## What the task asks
Below are records; say how many of their lines include the word "ultimately", giving nothing but the number.

(Saved data entries)
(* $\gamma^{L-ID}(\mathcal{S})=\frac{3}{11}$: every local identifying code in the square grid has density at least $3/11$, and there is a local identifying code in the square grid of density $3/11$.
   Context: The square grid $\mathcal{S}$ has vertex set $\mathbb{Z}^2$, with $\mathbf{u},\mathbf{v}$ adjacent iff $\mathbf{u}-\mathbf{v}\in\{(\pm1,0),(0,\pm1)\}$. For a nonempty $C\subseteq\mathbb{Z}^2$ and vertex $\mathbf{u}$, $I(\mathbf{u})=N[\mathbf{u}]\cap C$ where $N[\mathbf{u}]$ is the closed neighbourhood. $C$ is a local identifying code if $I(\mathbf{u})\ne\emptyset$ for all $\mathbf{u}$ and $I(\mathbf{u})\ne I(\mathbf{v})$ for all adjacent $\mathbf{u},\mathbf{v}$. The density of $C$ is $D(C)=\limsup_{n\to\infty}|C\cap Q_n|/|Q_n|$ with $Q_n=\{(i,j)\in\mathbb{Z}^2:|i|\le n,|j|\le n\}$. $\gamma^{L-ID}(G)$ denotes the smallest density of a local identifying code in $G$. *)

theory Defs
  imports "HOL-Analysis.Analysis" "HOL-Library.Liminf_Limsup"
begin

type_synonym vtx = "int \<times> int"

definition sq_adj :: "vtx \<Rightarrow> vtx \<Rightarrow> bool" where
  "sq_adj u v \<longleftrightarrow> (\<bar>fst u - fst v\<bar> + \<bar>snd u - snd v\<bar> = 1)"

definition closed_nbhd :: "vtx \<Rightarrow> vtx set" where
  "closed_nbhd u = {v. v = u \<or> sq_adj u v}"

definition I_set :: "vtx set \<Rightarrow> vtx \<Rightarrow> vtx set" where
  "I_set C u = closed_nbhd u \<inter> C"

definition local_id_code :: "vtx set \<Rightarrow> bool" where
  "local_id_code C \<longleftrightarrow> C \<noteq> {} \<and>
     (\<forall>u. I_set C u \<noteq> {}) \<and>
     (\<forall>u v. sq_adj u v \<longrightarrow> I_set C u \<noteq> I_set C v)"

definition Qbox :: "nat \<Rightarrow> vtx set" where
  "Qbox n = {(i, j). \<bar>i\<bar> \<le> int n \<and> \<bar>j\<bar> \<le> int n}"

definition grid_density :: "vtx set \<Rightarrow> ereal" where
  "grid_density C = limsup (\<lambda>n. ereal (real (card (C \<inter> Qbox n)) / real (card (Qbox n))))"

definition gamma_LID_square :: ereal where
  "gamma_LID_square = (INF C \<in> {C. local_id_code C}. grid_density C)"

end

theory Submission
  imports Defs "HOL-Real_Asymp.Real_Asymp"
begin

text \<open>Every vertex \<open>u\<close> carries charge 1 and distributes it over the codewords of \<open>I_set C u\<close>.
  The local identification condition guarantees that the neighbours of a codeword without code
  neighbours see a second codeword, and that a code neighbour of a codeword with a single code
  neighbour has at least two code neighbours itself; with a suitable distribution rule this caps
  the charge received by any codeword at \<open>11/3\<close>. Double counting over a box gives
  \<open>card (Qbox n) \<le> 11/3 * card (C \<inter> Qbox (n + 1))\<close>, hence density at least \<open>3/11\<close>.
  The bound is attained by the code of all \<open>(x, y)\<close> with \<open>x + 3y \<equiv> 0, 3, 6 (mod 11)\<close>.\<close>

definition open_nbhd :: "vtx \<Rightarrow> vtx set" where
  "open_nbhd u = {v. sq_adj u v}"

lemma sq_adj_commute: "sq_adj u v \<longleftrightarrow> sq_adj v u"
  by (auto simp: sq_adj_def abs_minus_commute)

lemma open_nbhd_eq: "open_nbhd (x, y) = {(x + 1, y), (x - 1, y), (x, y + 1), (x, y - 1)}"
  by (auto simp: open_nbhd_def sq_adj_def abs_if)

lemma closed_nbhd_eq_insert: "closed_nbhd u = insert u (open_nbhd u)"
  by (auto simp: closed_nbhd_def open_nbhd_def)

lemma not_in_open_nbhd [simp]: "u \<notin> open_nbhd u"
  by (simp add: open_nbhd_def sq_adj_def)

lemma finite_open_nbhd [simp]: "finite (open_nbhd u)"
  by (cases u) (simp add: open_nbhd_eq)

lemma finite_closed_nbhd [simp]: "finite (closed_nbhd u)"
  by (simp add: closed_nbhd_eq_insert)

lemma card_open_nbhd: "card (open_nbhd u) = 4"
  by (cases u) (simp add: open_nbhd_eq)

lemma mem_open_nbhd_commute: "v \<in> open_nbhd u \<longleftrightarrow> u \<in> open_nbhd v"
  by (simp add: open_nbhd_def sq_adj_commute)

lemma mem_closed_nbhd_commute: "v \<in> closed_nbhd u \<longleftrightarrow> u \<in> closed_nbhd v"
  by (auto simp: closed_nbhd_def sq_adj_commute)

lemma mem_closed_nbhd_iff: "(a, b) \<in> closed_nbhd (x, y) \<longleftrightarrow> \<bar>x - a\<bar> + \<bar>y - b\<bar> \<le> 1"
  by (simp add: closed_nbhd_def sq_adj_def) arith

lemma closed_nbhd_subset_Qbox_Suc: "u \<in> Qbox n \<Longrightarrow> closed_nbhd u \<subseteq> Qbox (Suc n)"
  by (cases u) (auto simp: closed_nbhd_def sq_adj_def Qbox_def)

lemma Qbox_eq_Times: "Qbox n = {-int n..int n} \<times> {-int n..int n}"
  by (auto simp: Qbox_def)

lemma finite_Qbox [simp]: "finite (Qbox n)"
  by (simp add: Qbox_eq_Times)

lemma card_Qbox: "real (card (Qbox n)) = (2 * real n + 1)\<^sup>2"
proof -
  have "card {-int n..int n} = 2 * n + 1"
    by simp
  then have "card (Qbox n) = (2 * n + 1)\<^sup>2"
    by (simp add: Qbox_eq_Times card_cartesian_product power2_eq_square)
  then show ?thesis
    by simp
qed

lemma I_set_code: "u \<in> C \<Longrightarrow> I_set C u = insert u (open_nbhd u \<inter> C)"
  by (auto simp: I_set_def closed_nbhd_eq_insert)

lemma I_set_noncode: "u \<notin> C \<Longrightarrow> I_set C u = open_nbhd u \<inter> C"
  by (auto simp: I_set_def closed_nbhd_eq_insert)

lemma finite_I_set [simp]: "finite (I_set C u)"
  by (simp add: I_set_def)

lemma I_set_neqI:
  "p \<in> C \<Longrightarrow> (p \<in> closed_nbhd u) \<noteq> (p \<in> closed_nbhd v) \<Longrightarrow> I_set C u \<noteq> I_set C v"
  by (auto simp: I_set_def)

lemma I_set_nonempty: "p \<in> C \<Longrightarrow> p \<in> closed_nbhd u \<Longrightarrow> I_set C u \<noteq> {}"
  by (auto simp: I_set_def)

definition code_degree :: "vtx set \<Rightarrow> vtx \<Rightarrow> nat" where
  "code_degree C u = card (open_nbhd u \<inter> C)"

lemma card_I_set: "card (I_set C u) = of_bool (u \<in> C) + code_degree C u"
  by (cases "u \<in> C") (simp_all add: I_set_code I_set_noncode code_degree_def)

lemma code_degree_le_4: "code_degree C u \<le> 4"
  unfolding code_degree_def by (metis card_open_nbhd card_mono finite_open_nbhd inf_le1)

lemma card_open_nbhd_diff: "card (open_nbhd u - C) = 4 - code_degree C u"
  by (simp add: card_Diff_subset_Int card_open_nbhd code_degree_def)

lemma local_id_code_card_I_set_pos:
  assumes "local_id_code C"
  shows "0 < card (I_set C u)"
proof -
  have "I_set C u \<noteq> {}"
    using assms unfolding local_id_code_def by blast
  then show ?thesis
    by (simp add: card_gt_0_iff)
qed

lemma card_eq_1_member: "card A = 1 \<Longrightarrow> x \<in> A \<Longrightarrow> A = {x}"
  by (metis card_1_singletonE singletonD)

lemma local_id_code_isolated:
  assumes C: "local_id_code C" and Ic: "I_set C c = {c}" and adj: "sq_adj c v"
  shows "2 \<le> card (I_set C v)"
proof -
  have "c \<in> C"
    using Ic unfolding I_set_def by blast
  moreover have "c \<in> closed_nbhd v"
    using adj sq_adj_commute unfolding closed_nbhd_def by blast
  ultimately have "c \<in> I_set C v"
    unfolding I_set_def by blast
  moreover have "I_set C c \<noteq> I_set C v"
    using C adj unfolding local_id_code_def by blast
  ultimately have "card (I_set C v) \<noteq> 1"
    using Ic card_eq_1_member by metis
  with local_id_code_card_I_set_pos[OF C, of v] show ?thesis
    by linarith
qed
==
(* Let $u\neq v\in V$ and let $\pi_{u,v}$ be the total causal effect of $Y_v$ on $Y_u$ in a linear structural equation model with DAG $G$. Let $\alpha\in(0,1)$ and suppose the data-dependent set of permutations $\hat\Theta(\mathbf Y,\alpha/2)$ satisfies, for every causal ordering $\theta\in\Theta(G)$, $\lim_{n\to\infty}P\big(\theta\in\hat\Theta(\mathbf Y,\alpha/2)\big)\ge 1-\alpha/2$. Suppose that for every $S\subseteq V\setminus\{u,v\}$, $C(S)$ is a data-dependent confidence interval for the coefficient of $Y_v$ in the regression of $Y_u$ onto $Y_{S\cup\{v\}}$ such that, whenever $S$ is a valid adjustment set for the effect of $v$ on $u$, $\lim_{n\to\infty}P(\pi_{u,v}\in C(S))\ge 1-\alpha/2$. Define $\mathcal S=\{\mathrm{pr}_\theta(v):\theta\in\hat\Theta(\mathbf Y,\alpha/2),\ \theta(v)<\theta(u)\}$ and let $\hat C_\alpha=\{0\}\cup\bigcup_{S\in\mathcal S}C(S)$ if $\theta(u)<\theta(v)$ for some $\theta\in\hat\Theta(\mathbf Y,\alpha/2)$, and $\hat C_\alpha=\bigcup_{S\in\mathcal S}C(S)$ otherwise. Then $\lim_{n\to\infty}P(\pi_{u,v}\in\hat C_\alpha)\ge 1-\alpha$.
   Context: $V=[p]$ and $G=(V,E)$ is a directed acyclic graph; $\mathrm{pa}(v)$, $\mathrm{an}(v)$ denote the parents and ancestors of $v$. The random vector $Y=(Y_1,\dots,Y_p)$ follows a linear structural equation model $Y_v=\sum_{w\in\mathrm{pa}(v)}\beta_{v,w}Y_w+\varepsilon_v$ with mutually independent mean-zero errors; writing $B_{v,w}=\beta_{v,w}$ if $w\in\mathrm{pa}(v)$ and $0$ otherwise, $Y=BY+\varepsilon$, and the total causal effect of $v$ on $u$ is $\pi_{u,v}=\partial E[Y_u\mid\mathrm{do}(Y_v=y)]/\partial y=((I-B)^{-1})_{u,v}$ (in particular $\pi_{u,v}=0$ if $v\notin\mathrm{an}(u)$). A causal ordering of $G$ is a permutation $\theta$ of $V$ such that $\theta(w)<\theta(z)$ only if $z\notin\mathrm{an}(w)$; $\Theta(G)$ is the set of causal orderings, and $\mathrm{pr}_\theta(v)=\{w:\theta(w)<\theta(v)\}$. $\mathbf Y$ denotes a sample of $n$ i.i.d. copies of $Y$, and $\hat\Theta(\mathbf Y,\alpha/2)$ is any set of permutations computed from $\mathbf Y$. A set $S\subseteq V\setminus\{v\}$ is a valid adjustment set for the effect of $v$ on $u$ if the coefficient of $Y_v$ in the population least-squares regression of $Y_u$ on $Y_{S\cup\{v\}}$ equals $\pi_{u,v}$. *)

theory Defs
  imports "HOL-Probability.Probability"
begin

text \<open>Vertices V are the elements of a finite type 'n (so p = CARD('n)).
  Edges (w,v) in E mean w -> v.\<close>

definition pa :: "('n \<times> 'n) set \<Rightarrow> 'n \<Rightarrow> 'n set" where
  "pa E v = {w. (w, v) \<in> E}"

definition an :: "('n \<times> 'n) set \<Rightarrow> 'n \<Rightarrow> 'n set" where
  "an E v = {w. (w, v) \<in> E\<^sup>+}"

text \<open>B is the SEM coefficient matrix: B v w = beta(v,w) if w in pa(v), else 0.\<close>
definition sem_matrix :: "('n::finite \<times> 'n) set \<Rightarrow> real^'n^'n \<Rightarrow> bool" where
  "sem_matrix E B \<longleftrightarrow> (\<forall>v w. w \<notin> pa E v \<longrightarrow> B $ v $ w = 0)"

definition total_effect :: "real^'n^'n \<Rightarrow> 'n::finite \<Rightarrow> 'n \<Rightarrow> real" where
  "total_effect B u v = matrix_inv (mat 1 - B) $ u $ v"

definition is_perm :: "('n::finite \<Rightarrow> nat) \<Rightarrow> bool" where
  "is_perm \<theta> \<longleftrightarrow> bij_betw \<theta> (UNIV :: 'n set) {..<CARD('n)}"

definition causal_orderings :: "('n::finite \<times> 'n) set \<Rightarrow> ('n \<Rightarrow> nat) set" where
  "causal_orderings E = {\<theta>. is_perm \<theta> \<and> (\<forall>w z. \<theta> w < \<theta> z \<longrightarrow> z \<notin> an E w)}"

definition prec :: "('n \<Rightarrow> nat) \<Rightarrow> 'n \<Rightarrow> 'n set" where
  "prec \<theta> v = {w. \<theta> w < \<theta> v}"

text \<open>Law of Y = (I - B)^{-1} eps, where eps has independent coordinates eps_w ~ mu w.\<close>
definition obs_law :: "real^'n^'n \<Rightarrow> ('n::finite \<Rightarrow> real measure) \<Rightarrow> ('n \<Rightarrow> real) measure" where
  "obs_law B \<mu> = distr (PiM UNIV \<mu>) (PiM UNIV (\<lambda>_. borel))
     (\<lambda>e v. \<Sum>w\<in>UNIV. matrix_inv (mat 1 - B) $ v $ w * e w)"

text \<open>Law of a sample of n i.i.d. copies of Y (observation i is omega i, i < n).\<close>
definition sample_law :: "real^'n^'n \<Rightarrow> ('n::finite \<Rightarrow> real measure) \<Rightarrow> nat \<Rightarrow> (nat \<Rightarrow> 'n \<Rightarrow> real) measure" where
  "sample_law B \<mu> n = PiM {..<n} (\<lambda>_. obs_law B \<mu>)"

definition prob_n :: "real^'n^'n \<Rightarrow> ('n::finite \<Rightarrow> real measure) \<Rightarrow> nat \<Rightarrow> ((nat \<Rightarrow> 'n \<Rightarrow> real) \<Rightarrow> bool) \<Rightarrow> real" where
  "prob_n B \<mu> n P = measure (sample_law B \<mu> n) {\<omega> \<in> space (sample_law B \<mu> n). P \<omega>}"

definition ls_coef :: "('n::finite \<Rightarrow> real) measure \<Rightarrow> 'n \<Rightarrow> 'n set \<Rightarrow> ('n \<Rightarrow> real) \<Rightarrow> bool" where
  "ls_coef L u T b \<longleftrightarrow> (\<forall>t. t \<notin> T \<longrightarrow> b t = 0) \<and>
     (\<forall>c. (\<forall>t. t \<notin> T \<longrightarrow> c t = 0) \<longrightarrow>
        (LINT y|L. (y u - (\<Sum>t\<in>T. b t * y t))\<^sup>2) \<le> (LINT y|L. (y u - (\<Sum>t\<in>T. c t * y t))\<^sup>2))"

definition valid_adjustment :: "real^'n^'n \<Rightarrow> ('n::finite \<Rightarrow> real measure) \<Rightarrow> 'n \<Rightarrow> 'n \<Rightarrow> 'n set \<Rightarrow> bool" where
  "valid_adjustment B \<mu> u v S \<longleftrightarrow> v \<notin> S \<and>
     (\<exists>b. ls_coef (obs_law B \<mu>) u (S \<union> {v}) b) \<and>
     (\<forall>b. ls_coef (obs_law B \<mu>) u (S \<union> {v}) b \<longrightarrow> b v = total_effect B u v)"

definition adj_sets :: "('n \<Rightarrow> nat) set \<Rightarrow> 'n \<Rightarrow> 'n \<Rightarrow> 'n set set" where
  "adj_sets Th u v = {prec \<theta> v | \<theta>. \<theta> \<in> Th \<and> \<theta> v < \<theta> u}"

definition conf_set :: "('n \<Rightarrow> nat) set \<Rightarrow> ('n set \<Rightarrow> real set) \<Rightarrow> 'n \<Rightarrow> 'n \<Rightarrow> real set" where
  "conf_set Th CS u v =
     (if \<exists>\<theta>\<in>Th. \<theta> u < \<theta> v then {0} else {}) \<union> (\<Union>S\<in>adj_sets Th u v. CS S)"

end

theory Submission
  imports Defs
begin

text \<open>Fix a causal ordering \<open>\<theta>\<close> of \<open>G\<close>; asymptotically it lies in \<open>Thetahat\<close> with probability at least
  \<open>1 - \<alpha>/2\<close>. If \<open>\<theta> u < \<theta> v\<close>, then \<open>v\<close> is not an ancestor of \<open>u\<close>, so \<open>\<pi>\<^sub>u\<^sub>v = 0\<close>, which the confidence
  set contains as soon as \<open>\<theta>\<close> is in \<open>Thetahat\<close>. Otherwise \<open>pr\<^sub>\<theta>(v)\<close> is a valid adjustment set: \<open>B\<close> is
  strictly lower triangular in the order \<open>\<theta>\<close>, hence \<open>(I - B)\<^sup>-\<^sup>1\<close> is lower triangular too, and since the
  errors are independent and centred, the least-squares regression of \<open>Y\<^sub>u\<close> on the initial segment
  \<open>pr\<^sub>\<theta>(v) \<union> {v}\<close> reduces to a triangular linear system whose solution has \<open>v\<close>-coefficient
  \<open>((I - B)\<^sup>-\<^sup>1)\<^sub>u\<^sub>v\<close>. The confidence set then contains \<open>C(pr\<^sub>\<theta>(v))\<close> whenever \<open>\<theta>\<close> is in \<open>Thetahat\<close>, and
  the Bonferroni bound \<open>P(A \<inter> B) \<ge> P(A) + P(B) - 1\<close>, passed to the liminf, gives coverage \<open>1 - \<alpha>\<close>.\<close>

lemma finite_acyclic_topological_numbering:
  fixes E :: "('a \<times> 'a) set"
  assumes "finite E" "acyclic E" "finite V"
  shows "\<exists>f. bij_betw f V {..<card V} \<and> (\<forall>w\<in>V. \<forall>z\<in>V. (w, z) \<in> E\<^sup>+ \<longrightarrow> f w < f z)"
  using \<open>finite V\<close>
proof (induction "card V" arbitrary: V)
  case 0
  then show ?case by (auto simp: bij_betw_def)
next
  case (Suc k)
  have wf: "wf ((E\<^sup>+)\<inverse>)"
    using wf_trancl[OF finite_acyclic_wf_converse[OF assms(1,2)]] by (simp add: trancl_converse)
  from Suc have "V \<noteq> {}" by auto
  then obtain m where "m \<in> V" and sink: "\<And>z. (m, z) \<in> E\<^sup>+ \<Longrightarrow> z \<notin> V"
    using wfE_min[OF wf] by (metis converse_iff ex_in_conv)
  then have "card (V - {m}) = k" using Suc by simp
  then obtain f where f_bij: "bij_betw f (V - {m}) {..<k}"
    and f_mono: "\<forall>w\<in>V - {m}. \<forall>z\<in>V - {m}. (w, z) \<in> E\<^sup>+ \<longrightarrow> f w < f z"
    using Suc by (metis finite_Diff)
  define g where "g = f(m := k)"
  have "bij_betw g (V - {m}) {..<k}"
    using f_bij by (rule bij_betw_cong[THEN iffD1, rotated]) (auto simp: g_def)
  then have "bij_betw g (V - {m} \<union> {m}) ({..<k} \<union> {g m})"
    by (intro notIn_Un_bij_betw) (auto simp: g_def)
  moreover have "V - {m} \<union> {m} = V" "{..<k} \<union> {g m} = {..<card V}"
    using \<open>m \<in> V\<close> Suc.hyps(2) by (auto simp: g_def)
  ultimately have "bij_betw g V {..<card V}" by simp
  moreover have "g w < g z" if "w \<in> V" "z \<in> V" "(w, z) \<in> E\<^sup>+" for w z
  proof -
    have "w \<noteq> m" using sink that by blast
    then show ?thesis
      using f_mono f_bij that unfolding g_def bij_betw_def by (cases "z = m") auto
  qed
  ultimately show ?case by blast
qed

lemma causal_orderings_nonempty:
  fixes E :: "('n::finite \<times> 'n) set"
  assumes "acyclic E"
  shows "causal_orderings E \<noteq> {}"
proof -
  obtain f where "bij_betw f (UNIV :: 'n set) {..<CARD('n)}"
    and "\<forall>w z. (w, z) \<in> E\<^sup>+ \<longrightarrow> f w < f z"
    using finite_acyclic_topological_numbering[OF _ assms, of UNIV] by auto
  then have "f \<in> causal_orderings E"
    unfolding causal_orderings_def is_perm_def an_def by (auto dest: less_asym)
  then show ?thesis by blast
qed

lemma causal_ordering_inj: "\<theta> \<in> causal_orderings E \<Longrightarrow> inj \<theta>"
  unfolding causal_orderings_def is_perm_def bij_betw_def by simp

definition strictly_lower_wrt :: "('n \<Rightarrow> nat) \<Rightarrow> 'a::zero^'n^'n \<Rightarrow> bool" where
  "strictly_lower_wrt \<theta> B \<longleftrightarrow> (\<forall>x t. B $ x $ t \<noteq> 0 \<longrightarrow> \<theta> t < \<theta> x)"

## Finished task
4